- Your assignment:
Scan the data below and copy each line where "definition" occurs.

---------- Data for the task

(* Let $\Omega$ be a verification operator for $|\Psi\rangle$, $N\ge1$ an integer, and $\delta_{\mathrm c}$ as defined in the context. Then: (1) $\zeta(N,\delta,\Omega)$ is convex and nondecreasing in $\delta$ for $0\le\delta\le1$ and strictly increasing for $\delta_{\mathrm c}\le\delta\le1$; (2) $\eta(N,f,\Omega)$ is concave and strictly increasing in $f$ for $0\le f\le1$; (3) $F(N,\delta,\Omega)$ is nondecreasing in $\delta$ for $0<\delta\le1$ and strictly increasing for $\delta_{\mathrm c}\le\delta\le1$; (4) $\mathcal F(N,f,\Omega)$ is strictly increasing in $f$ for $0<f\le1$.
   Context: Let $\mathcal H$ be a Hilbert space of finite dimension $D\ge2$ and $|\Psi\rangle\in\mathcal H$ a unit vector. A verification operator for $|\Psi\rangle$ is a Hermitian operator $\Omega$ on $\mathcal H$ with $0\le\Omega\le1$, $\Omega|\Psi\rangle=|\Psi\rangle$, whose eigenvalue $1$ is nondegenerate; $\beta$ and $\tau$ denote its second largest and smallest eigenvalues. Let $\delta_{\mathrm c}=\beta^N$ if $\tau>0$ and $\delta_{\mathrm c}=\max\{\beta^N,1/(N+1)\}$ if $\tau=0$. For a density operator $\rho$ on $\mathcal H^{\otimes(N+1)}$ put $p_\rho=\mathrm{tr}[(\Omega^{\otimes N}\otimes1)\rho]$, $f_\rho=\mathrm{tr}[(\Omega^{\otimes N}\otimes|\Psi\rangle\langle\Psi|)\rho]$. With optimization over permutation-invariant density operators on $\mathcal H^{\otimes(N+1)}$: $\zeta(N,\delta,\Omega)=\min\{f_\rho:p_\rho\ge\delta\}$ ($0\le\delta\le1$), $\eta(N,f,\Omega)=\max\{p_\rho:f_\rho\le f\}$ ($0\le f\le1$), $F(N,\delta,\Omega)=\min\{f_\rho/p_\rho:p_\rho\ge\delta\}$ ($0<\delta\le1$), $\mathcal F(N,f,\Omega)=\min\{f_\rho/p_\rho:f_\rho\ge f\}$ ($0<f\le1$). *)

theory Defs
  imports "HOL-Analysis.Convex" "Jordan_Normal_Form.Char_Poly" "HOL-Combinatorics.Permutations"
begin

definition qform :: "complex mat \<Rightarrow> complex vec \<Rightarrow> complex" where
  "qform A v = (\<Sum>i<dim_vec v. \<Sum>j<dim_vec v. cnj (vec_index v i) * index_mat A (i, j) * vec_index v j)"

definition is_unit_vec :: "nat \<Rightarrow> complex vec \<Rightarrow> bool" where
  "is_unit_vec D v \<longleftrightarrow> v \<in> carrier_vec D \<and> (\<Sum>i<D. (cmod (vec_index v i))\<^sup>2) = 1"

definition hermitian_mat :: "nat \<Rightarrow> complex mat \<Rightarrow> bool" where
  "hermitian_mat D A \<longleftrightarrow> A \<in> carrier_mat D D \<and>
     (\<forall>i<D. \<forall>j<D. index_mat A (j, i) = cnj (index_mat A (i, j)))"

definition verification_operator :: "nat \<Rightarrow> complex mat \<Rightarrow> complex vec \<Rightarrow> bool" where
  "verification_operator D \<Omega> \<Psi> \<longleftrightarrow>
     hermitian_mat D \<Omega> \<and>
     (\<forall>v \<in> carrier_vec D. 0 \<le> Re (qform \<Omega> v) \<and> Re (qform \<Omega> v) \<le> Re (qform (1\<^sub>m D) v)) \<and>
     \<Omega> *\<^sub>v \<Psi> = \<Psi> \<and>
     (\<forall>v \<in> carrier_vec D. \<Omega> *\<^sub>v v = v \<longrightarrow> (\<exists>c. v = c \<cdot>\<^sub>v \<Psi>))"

--------------------

- The completed task:
definition qform :: "complex mat \<Rightarrow> complex vec \<Rightarrow> complex" where
definition is_unit_vec :: "nat \<Rightarrow> complex vec \<Rightarrow> bool" where
definition hermitian_mat :: "nat \<Rightarrow> complex mat \<Rightarrow> bool" where
definition verification_operator :: "nat \<Rightarrow> complex mat \<Rightarrow> complex vec \<Rightarrow> bool" where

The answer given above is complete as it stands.